The Office of the State Prosecutor, which investigates public corruption and other crimes, alleged Wednesday that Maj. Nicholas Plazio made false statements to prosecutors and in court in connection with the fatal 2010 stabbing of 25-year-old Jeremiah P. DeMario. Plazio is accused of lying about his role in the illegal interviews of two suspects in that case.

"Any law enforcement officer, let alone a commander of a criminal investigations unit, must be held to the highest standards of conduct and integrity," said State Prosecutor Emmet C. Davitt. "False reports and false testimony are never acceptable under any circumstances and cannot be tolerated."

The state prosecutor's office had also been investigating Detective Douglas Epperson in connection with the DeMario case, but Davitt would not comment on that part of the probe. Epperson has not been charged, and his attorney said he has done nothing wrong.

The state prosecutor's investigation led the Carroll County state's attorney's office in March 2012 to drop charges related to the death of Isaiah Simmons III, a 17-year-old resident at Bowling Brook Academy. Epperson had been the lead detective on that case.

State's Attorney Jerry F. Barnes said at the time that the state prosecutor's investigation was a major reason for his decision. Simmons died in 2007 after he was restrained by staff members at the juvenile detention facility.
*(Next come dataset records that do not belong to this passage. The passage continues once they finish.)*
lemma unsat_idx_nonempty_if_notin_Tset:
  assumes "\<sigma> \<in> assigns n" "\<sigma> \<notin> Tset n k \<Phi>"
  shows "unsat_idx \<Phi> \<sigma> \<noteq> {}"
proof
  assume "unsat_idx \<Phi> \<sigma> = {}"
  then have "real (numU \<Phi> \<sigma>) \<le> real n * rho n k \<Phi> / 10"
    by (simp add: numU_def rho_def)
  with assms show False
    by (simp add: Tset_def)
qed

lemma walk_step_potential_drift_near_mist:
  assumes "kcnf n k \<Phi>" "0 < k" "Q3 n k \<Phi> M" "\<mu> \<in> M"
    and \<sigma>: "\<sigma> \<in> Dball n k \<mu> 0 100 - Tset n k \<Phi>"
  shows "(\<integral>\<^sup>+x. ennreal (3 powr (a - real (hdist n x \<mu>))) \<partial>walk_step k \<Phi> \<sigma>)
    \<le> ennreal (3 powr (a - real (hdist n \<sigma> \<mu>)))"
proof (rule walk_step_potential_drift)
  show "unsat_idx \<Phi> \<sigma> \<noteq> {}"
    using \<sigma> by (intro unsat_idx_nonempty_if_notin_Tset) (auto simp: Dball_def)
  have "real (Xcnt k \<Phi> (Delta n \<mu> \<sigma>) \<sigma>) \<le> real k * real (numU \<Phi> \<sigma>) / 10"
    using assms by (auto simp: Q3_def)
  then show "real (Xcnt k \<Phi> (Delta n \<sigma> \<mu>) \<sigma>) \<le> real k * real (numU \<Phi> \<sigma>) / 4"
    by (simp add: Delta_commute)
qed (use assms in auto)

lemma determined_upto_Hevent: "t1 \<le> t2 \<Longrightarrow> determined_upto t2 (Hevent n k \<Phi> \<mu> t1 t2)"
  by (auto simp: determined_upto_def Hevent_def nth_append_left)

lemma inverse_three_powr_floor_gap_le:
  fixes x :: real
  assumes "1 \<le> x"
  shows "1 / 3 powr real_of_int (\<lfloor>10 * x\<rfloor> - \<lfloor>5 * x\<rfloor>) \<le> exp (- x / 2)"
proof -
  define e where "e = real_of_int (\<lfloor>10 * x\<rfloor> - \<lfloor>5 * x\<rfloor>)"
  have "x / 2 \<le> e"
    using assms unfolding e_def by linarith
  have "1 \<le> ln (3 :: real)"
    using ln_ge_iff[of 3 1] exp_le by simp
  then have "e \<le> e * ln 3"
    using \<open>x / 2 \<le> e\<close> assms by (simp add: mult_le_cancel_left1)
  then have "1 / 3 powr e \<le> exp (- e)"
    by (simp add: powr_def exp_minus field_simps)
  also have "\<dots> \<le> exp (- x / 2)"
    using \<open>x / 2 \<le> e\<close> by simp
  finally show ?thesis
    unfolding e_def .
qed

lemma one_le_kappa_mul:
  assumes "2 \<le> k" "nat \<lceil>1 / kappa k\<rceil> \<le> n"
  shows "1 \<le> kappa k * real n"
proof -
  have "0 < kappa k"
    using assms(1) by (simp add: kappa_def)
  moreover have "1 / kappa k \<le> real n"
    using assms(2) by linarith
  ultimately show ?thesis
    by (simp add: field_simps)
qed

lemma cond_prob_Hevent_le:
  assumes "kcnf n k \<Phi>" "Q3 n k \<Phi> M" "\<mu> \<in> M"
    and x: "1 \<le> kappa k * real n"
    and \<tau>1: "int (hdist n \<tau>1 \<mu>) = \<lfloor>10 * kappa k * real n\<rfloor>"
    and C: "determined_upto t1 C" "\<And>xs. xs \<in> C \<Longrightarrow> xs ! t1 = \<tau>1"
    and "t1 \<le> t2" "t2 \<le> N"
  shows "cond_prob (walk_traj n k \<Phi> N) (Hevent n k \<Phi> \<mu> t1 t2) C \<le> exp (- kappa k * real n / 2)"
proof -
  define a where "a = \<lfloor>10 * kappa k * real n\<rfloor>"
  define b where "b = \<lfloor>5 * kappa k * real n\<rfloor>"
  define W where "W = (\<lambda>\<sigma>. 3 powr (real_of_int a - real (hdist n \<sigma> \<mu>)))"
  define R where "R = Dball n k \<mu> 5 10 - Tset n k \<Phi>"
  have "0 < k"
    using x by (cases k) (auto simp: kappa_def)
  have "(\<integral>\<^sup>+x. ennreal (W x) \<partial>walk_step k \<Phi> \<sigma>) \<le> ennreal (W \<sigma>)" if "\<sigma> \<in> R" for \<sigma>
    using that Dball_mono[of 0 5 10 100] unfolding W_def R_def
    by (intro walk_step_potential_drift_near_mist[OF assms(1) \<open>0 < k\<close> assms(2,3)]) auto
  moreover have "W (xs ! t1) \<le> 1" if "xs \<in> C" for xs
  proof -
    have "real_of_int a = real (hdist n \<tau>1 \<mu>)"
      using \<tau>1 unfolding a_def by (metis of_int_of_nat_eq)
    then show ?thesis
      using C(2)[OF that] by (simp add: W_def)
  qed
  moreover have "xs ! t \<in> R" if "xs \<in> Hevent n k \<Phi> \<mu> t1 t2" "t1 \<le> t" "t < t2" for xs t
    using that by (simp add: Hevent_def R_def)
  moreover have "3 powr real_of_int (a - b) \<le> W (xs ! t2)" if "xs \<in> Hevent n k \<Phi> \<mu> t1 t2" for xs
    using that by (simp add: Hevent_def W_def b_def)
  ultimately have "cond_prob (walk_traj n k \<Phi> N) (Hevent n k \<Phi> \<mu> t1 t2) C \<le> 1 / 3 powr real_of_int (a - b)"
    using assms by (intro cond_prob_walk_traj_le[where R = R and W = W]) (auto intro: determined_upto_Hevent)
  also have "\<dots> \<le> exp (- kappa k * real n / 2)"
    using inverse_three_powr_floor_gap_le[OF x] by (simp add: a_def b_def mult.assoc)
  finally show ?thesis .
qed

theorem mainTheorem6:
  "\<exists>k0. \<forall>k\<ge>k0. \<exists>n0. \<forall>n\<ge>n0. \<forall>\<Phi> M \<tau>1 \<mu> t1 t2.
     kcnf n k \<Phi> \<and> is_mist n k \<Phi> M \<and> Q1 n k M \<and> Q2 n k M \<and> Q3 n k \<Phi> M
     \<and> \<tau>1 \<in> assigns n \<and> \<tau>1 \<notin> Tset n k \<Phi> \<and> \<mu> \<in> M
     \<and> int (hdist n \<tau>1 \<mu>) = \<lfloor>10 * kappa k * real n\<rfloor>
     \<and> 1 \<le> t1 \<and> t1 \<le> t2 \<and> t2 \<le> nat \<lceil>exp (real n / (real k)\<^sup>2)\<rceil>
     \<longrightarrow> cond_prob (walk_traj n k \<Phi> (nat \<lceil>exp (real n / (real k)\<^sup>2)\<rceil>))
           (Hevent n k \<Phi> \<mu> t1 t2)
           {xs. xs ! 0 \<notin> Dmist n k M \<and> xs ! t1 = \<tau>1}
         \<le> exp (- kappa k * real n / 2)"
  apply (rule exI[of _ 2], intro allI impI)
  subgoal for k
    apply (rule exI[of _ "nat \<lceil>1 / kappa k\<rceil>"], intro allI impI, elim conjE)
    subgoal for n \<Phi> M \<tau>1 \<mu> t1 t2
      unfolding Collect_conj_eq
      by (intro cond_prob_Hevent_le one_le_kappa_mul determined_upto_Int determined_upto_nth) auto
    done
  done

end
In the DeMario case, Russell S. Laderer Jr. faced murder charges and Cassandra L. Glover was accused of being an accessory after the fact. Prosecutors dropped those cases in March 2012 after a Carroll County judge made a series of rulings that much of the evidence against the suspects could not be used because it was illegally obtained.

Davitt said Plazio's alleged false statements damaged the case. He referred further questions to Barnes, who declined to comment.
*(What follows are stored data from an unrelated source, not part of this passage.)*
lemma resolvent_identity:
  assumes "psd_matrix F" "0 < \<mu>" "0 < l"
  shows "resolvent F \<mu> *v y - resolvent F l *v y = (l - \<mu>) *\<^sub>R (resolvent F \<mu> *v (resolvent F l *v y))"
proof -
  let ?z = "resolvent F l *v y"
  have "resolvent F \<mu> *v y - ?z
      = resolvent F \<mu> *v ((F + l *\<^sub>R mat 1) *v ?z) - resolvent F \<mu> *v ((F + \<mu> *\<^sub>R mat 1) *v ?z)"
    by (simp add: shift_resolvent_apply[OF assms(1,3)] resolvent_shift_apply[OF assms(1,2)])
  also have "\<dots> = resolvent F \<mu> *v ((F + l *\<^sub>R mat 1) *v ?z - (F + \<mu> *\<^sub>R mat 1) *v ?z)"
    by (simp add: matrix_vector_mult_diff_distrib)
  also have "(F + l *\<^sub>R mat 1) *v ?z - (F + \<mu> *\<^sub>R mat 1) *v ?z = (l - \<mu>) *\<^sub>R ?z"
    by (simp add: matrix_vector_mult_shift scaleR_diff_left)
  finally show ?thesis by (simp add: matrix_vector_mult_scaleR)
qed

lemma tendsto_resolvent:
  assumes psd: "psd_matrix F" and l: "0 < l"
  shows "((\<lambda>\<mu>. resolvent F \<mu> *v y) \<longlongrightarrow> resolvent F l *v y) (at l)"
proof -
  let ?z = "resolvent F l *v y"
  have "\<forall>\<^sub>F \<mu> in at l. norm (resolvent F \<mu> *v y - ?z) \<le> \<bar>l - \<mu>\<bar> * (norm ?z / \<mu>)"
    using order_tendstoD(1)[OF tendsto_ident_at l]
  proof eventually_elim
    case (elim \<mu>)
    have "norm (resolvent F \<mu> *v y - ?z) = \<bar>l - \<mu>\<bar> * norm (resolvent F \<mu> *v ?z)"
      by (simp add: resolvent_identity[OF psd elim l, of y])
    also have "\<dots> \<le> \<bar>l - \<mu>\<bar> * (norm ?z / \<mu>)"
      by (rule mult_left_mono[OF norm_resolvent_le[OF psd elim]]) simp
    finally show ?case .
  qed
  moreover have "((\<lambda>\<mu>. \<bar>l - \<mu>\<bar> * (norm ?z / \<mu>)) \<longlongrightarrow> 0) (at l)"
  proof -
    have "((\<lambda>\<mu>. \<bar>l - \<mu>\<bar> * (norm ?z / \<mu>)) \<longlongrightarrow> \<bar>l - l\<bar> * (norm ?z / l)) (at l)"
      using l by (intro tendsto_intros) auto
    then show ?thesis by simp
  qed
  ultimately have "((\<lambda>\<mu>. resolvent F \<mu> *v y - ?z) \<longlongrightarrow> 0) (at l)"
    by (rule Lim_null_comparison)
  then show ?thesis by (simp add: LIM_zero_iff)
qed

lemma has_vector_derivative_resolvent:
  assumes psd: "psd_matrix F" and l: "0 < l"
  shows "((\<lambda>\<mu>. resolvent F \<mu> *v y) has_vector_derivative
           - (resolvent F l *v (resolvent F l *v y))) (at l)"
proof -
  let ?z = "resolvent F l *v y"
  have "\<forall>\<^sub>F \<mu> in at l. norm (resolvent F \<mu> *v ?z - resolvent F l *v ?z) =
      norm (resolvent F \<mu> *v y - resolvent F l *v y - (\<mu> - l) *\<^sub>R - (resolvent F l *v ?z)) / norm (\<mu> - l)"
    using order_tendstoD(1)[OF tendsto_ident_at l] eventually_neq_at_within[of l]
  proof eventually_elim
    case (elim \<mu>)
    have "resolvent F \<mu> *v y - resolvent F l *v y - (\<mu> - l) *\<^sub>R - (resolvent F l *v ?z)
        = (l - \<mu>) *\<^sub>R (resolvent F \<mu> *v ?z - resolvent F l *v ?z)"
      unfolding resolvent_identity[OF psd elim(1) l, of y] by (simp add: algebra_simps)
    then show ?case using elim(2) by (simp add: abs_minus_commute)
  qed
  moreover have "((\<lambda>\<mu>. norm (resolvent F \<mu> *v ?z - resolvent F l *v ?z)) \<longlongrightarrow> 0) (at l)"
    using tendsto_resolvent[OF psd l, of ?z] by (simp add: tendsto_norm_zero_iff LIM_zero_iff)
  ultimately have "((\<lambda>\<mu>. norm (resolvent F \<mu> *v y - resolvent F l *v y
      - (\<mu> - l) *\<^sub>R - (resolvent F l *v ?z)) / norm (\<mu> - l)) \<longlongrightarrow> 0) (at l)"
    by (rule Lim_transform_eventually[rotated])
  then show ?thesis
    using bounded_linear_scaleR_left[of "- (resolvent F l *v ?z)"]
    unfolding has_vector_derivative_def has_derivative_iff_norm by simp
qed

lemma psd_matrix_resolvent:
  assumes "psd_matrix F" "0 < \<mu>"
  shows "psd_matrix (resolvent F \<mu>)"
  unfolding psd_matrix_def
  using resolvent_self_adjoint[OF assms] inner_resolvent_pos[OF assms]
  by (metis inner_zero_left order.strict_implies_order order_refl)

lemma has_real_derivative_inner_resolvent:
  assumes "psd_matrix F" "0 < l"
  shows "((\<lambda>\<mu>. x \<bullet> (resolvent F \<mu> *v y)) has_real_derivative
           - (x \<bullet> (resolvent F l *v (resolvent F l *v y)))) (at l)"
  using bounded_linear.has_vector_derivative[OF bounded_linear_inner_right
      has_vector_derivative_resolvent[OF assms]]
  by (simp add: has_real_derivative_iff_has_vector_derivative)

lemma has_real_derivative_inner_resolvent_square:
  assumes psd: "psd_matrix F" and l: "0 < l"
  shows "((\<lambda>\<mu>. x \<bullet> (resolvent F \<mu> *v (resolvent F \<mu> *v y))) has_real_derivative
           - 2 * (x \<bullet> (resolvent F l *v (resolvent F l *v (resolvent F l *v y))))) (at l)"
proof -
  let ?R = "resolvent F l"
  have "((\<lambda>\<mu>. (resolvent F \<mu> *v x) \<bullet> (resolvent F \<mu> *v y)) has_real_derivative
      (?R *v x) \<bullet> - (?R *v (?R *v y)) + - (?R *v (?R *v x)) \<bullet> (?R *v y)) (at l)"
    using bounded_bilinear.has_vector_derivative[OF bounded_bilinear_inner
        has_vector_derivative_resolvent[OF psd l] has_vector_derivative_resolvent[OF psd l]]
    by (simp add: has_real_derivative_iff_has_vector_derivative)
  also have "(?R *v x) \<bullet> - (?R *v (?R *v y)) + - (?R *v (?R *v x)) \<bullet> (?R *v y)
      = - 2 * (x \<bullet> (?R *v (?R *v (?R *v y))))"
    by (simp add: resolvent_self_adjoint[OF psd l])
  finally have deriv: "((\<lambda>\<mu>. (resolvent F \<mu> *v x) \<bullet> (resolvent F \<mu> *v y)) has_real_derivative
      - 2 * (x \<bullet> (?R *v (?R *v (?R *v y))))) (at l)" .
  have eq: "(resolvent F \<mu> *v x) \<bullet> (resolvent F \<mu> *v y)
      = x \<bullet> (resolvent F \<mu> *v (resolvent F \<mu> *v y))" if "\<mu> \<in> {0<..}" for \<mu>
    using that by (simp add: resolvent_self_adjoint[OF psd])
  show ?thesis
    by (rule has_field_derivative_transform_within_open[OF deriv open_greaterThan]) (use l eq in auto)
qed

lemma inner_gram_transpose_shift:
  fixes J :: "real^'p^'n" and N :: real and w :: "real^'p"
  assumes N: "0 < N" and F_def: "F = (1 / N) *\<^sub>R (transpose J ** J)"
  defines "x \<equiv> (1 / N) *\<^sub>R (J *v w)"
  shows "x \<bullet> ((J ** transpose J + (N * \<mu>) *\<^sub>R mat 1) *v x) = (F *v w) \<bullet> ((F + \<mu> *\<^sub>R mat 1) *v w)"
proof -
  have Jx: "transpose J *v x = F *v w"
    unfolding x_def F_def
    by (simp add: matrix_vector_mult_scaleR matrix_vector_mul_assoc scaleR_matrix_vector_assoc[symmetric]
        del: transpose_matrix_vector)
  have xx: "(N * \<mu>) * (x \<bullet> x) = \<mu> * (w \<bullet> (F *v w))"
    unfolding x_def F_def using N
    by (simp add: scaleR_matrix_vector_assoc[symmetric] inner_transpose_mult_apply power2_eq_square
        field_simps)
  have "x \<bullet> ((J ** transpose J + (N * \<mu>) *\<^sub>R mat 1) *v x)
      = (transpose J *v x) \<bullet> (transpose J *v x) + (N * \<mu>) * (x \<bullet> x)"
    by (simp add: matrix_vector_mult_shift inner_add_right matrix_vector_mul_assoc[symmetric]
        inner_matrix_vector_mult_transpose del: transpose_matrix_vector)
  also have "\<dots> = (F *v w) \<bullet> ((F + \<mu> *\<^sub>R mat 1) *v w)"
    unfolding Jx xx by (simp add: matrix_vector_mult_shift inner_add_right inner_commute)
  finally show ?thesis .
qed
In a March court filing announcing that he was dropping the charges against Laderer and Glover, Barnes blamed "damaging law enforcement conduct" that was "avoidable and inexcusable" for the collapse of the cases.

The charging document in Plazio's case alleges that he lied when he said he did not watch the interviews of Glover and Laderer, and when he said that he did not tell Epperson to go back into an interview room after Glover had asked for a lawyer.

The judge handling the cases ruled that those interviews had been conducted after Glover and Laderer were unconstitutionally arrested and that information obtained during them could not be used in court.

Spokesman Maj. Phillip S. Kasten said the Carroll County Sheriff's Office is cooperating "fully" with the state prosecutor's investigation.

"Until the results of this independent investigation are known, any further comments would be inappropriate and speculative," he added.

DeMario's father, Richard DeMario, 52, said he thought someone "truly got away with murder" because of the way the sheriff's office handled the case.

"There is some comfort in knowing that Major Plazio will be placed on trial for misconduct," he said, adding that his family will be following the case closely.